Als Mitbegründer*innen dieser Organisation war es eine kollektive Erfahrung voller Interesse und wird immer Teil unserer Geschichte sowie der Geschichte von Podemos sein. Die Ziele, die uns dazu veranlasst haben, an der Gründung dieser Organisation mitzuwirken, sind in der ganzen Welt bekannt. Es war notwendig, ein breites und radikal demokratisches politisches Subjekt zu formen, das eng mit den Kämpfen und mit den sozialen Bewegungen verbunden war und das in der Lage war, die wirtschaftliche, kulturelle und politische Macht der Eliten herauszufordern und die Auswirkungen eines aggressiven und unkontrollierten Neoliberalismus umzukehren. Natürlich in der Perspektive, eine gesamtpolitische Alternative zum ökozidalen und patriarchalischen Kapitalismus zu denken und aufzubauen.

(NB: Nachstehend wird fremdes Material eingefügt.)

section \<open>Polynomials restricted to the cosets\<close>

locale cyclotomic_poly = cyclotomic_setting w d m \<zeta>
  for w :: "'a::{finite,field}" and d m \<zeta> +
  fixes P :: "'a poly" and R :: "nat set" and k :: nat and \<rho> :: "nat \<Rightarrow> nat"
    and v b :: "nat \<Rightarrow> nat \<Rightarrow> 'a" and S :: "nat \<Rightarrow> nat set" and lidx :: "nat \<Rightarrow> nat"
  assumes P_nz: "P \<noteq> 0"
    and P_deg: "degree P \<le> CARD('a) - 1"
    and R_eq: "R = {rem1 m n | n. coeff P n \<noteq> 0}"
    and k_eq: "k = card R"
    and rho_eq: "\<rho> = (\<lambda>l. sorted_list_of_set R ! l)"
    and v_eq: "v = (\<lambda>l j. coeff P (j * m + \<rho> l))"
    and b_eq: "b = (\<lambda>l. THE bv :: nat \<Rightarrow> 'a. (\<forall>i\<ge>d. bv i = 0) \<and>
      (\<forall>j<d. v l j = inverse (of_nat d) * (\<Sum>i<d. inverse \<zeta> ^ (i * j) * bv i)))"
    and S_eq: "S = (\<lambda>l. if l = 0
      then {i. i < d \<and> (b 0 i \<noteq> 0 \<or> (\<forall>l'<k. b l' i = 0))}
      else {i. i < d \<and> b l i \<noteq> 0})"
    and lidx_eq: "lidx = (\<lambda>i. THE l. l < k \<and> i \<in> S l)"
begin

lemma R_subset: "R \<subseteq> {1..m}"
  unfolding R_eq using rem1_in_range[OF m_pos] by blast

lemma rho_bij: "bij_betw \<rho> {..<k} R"
  unfolding rho_eq k_eq
  using R_subset by (intro bij_betw_nth) (auto simp: finite_subset)

lemma rho_range: "l < k \<Longrightarrow> \<rho> l \<in> {1..m}"
  using bij_betwE[OF rho_bij] R_subset by blast

lemma rho_inj: "l < k \<Longrightarrow> l' < k \<Longrightarrow> \<rho> l = \<rho> l' \<Longrightarrow> l = l'"
  using rho_bij by (auto simp: bij_betw_def dest: inj_onD)

lemma k_pos: "0 < k"
proof -
  obtain n where "coeff P n \<noteq> 0"
    using P_nz by (metis leading_coeff_0_iff)
  then have "R \<noteq> {}"
    by (auto simp: R_eq)
  then show ?thesis
    using R_subset by (simp add: k_eq card_gt_0_iff finite_subset)
qed

lemma b_dft: "b l i = (if i < d then \<Sum>j<d. \<zeta> ^ (i * j) * coeff P (j * m + \<rho> l) else 0)"
  unfolding b_eq v_eq by (simp add: the_inverse_dft)

lemma poly_on_coset:
  assumes "i < d" "x \<in> cyc_coset w d i"
  shows "poly P x = coeff P 0 + (\<Sum>l<k. b l i * x ^ \<rho> l)"
proof -
  have x_power: "x ^ (j * m + s) = \<zeta> ^ (i * j) * x ^ s" for j s
  proof -
    have "x ^ (j * m + s) = (x ^ m) ^ j * x ^ s"
      by (simp add: power_add power_mult mult.commute[of j])
    then show ?thesis
      using cyc_coset_power_m(2)[OF assms] by (simp add: power_mult)
  qed
  have "poly P x = (\<Sum>n\<le>d * m. coeff P n * x ^ n)"
    unfolding poly_altdef d_mult_m
    by (rule sum.mono_neutral_left) (use P_deg in \<open>auto simp: coeff_eq_0\<close>)
  also have "\<dots> = coeff P 0 + (\<Sum>n\<in>{1..d * m}. coeff P n * x ^ n)"
    by (simp add: atMost_atLeast0 sum.atLeast_Suc_atMost)
  also have "(\<Sum>n\<in>{1..d * m}. coeff P n * x ^ n) =
      (\<Sum>l<k. \<Sum>j<d. coeff P (j * m + \<rho> l) * x ^ (j * m + \<rho> l))"
    by (rule sum_by_rem1_classes[OF m_pos rho_bij R_subset]) (auto simp: R_eq)
  also have "\<dots> = (\<Sum>l<k. b l i * x ^ \<rho> l)"
    using assms(1) by (simp add: b_dft x_power sum_distrib_left sum_distrib_right mult_ac)
  finally show ?thesis .
qed
(* An extension of tau(h # m) with |m| >= 2 is not an extension by the longer block F @ [h]:
   the second letter of the bottom rows differ. *)
lemma ext_tau_not_ext:
  assumes "distinct (F @ h # m)" and "2 \<le> length m"
  shows "ext_top F (tau_word (h # m)) \<noteq> ext_top (F @ [h]) y"
proof
  assume eq: "ext_top F (tau_word (h # m)) = ext_top (F @ [h]) y"
  obtain m' l where m: "m = m' @ [l]" and "m' \<noteq> []"
    using assms(2) by (cases m rule: rev_cases) fastforce+
  have "tl (snd (ext_top F (tau_word (h # m)))) = tl (snd (ext_top (F @ [h]) y))"
    using eq by simp
  then have bottom: "(rev F @ rev m') @ [h] = h # rev F @ tl (snd y)"
    using m by (simp add: ext_top_def tau_word_def)
  have "hd (rev F @ rev m') = hd ((rev F @ rev m') @ [h])"
    using \<open>m' \<noteq> []\<close> by (intro hd_append2[symmetric]) simp
  also have "\<dots> = h" by (simp only: bottom list.sel(1))
  finally have "hd (rev F @ rev m') = h" .
  moreover have "hd (rev F @ rev m') \<in> set F \<union> set m'"
    using \<open>m' \<noteq> []\<close> hd_in_set[of "rev F @ rev m'"] by auto
  ultimately show False using assms(1) m by auto
qed

(* Bottom type (hyp_b) is top type of the mirror image, so a single
   inductive predicate describes both; R_t-orbits stay inside the top type and
   R_b-orbits inside the bottom type, except at tau. *)
inductive hyp_t :: "'a list \<Rightarrow> 'a lperm \<Rightarrow> bool" where
  tau: "2 \<le> length m \<Longrightarrow> hyp_t m (tau_word m)"
| ext: "hyp_t (rev m) (prod.swap p) \<Longrightarrow> F \<noteq> [] \<Longrightarrow> hyp_t (F @ m) (ext_top F p)"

Wir meinen, dass diese Ziele nach wie vor gültig sind, aber dass Podemos heute nicht mehr der Raum ist, von dem aus Anticapitalistas seinen Beitrag leisten kann. Wir haben unsere Positionen oft dargelegt und sie auf solidarische Art und Weise mit denen von anderen Strömungen der Linken abgeglichen. Leider ist Podemos heute nicht die Organisation, die wir anfangs aufbauen wollten: Das Organisationsmodell und das interne Regime, das auf der Zentralisierung von Befugnissen und Entscheidungen in einer kleinen Gruppe von Personen beruht, die mit öffentlichen Ämtern und dem Generalsekretär verbunden sind, lässt wenig Raum für eine pluralistische kollektive Arbeit. Offenkundig ist das ein Modell, das sich auf dem gesellschaftlichen Feld überhaupt nicht bewährt hat: Die aktivistische Organisation und die Kraft von unten, die Podemos seinerzeit hatte, ist mit diesem Modell verwässert, desorientiert und verdunstet, ohne dass sich dies, wie sie zur Rechtfertigung behauptet haben, in einer Verbesserung der Wahlergebnisse niedergeschlagen hätte.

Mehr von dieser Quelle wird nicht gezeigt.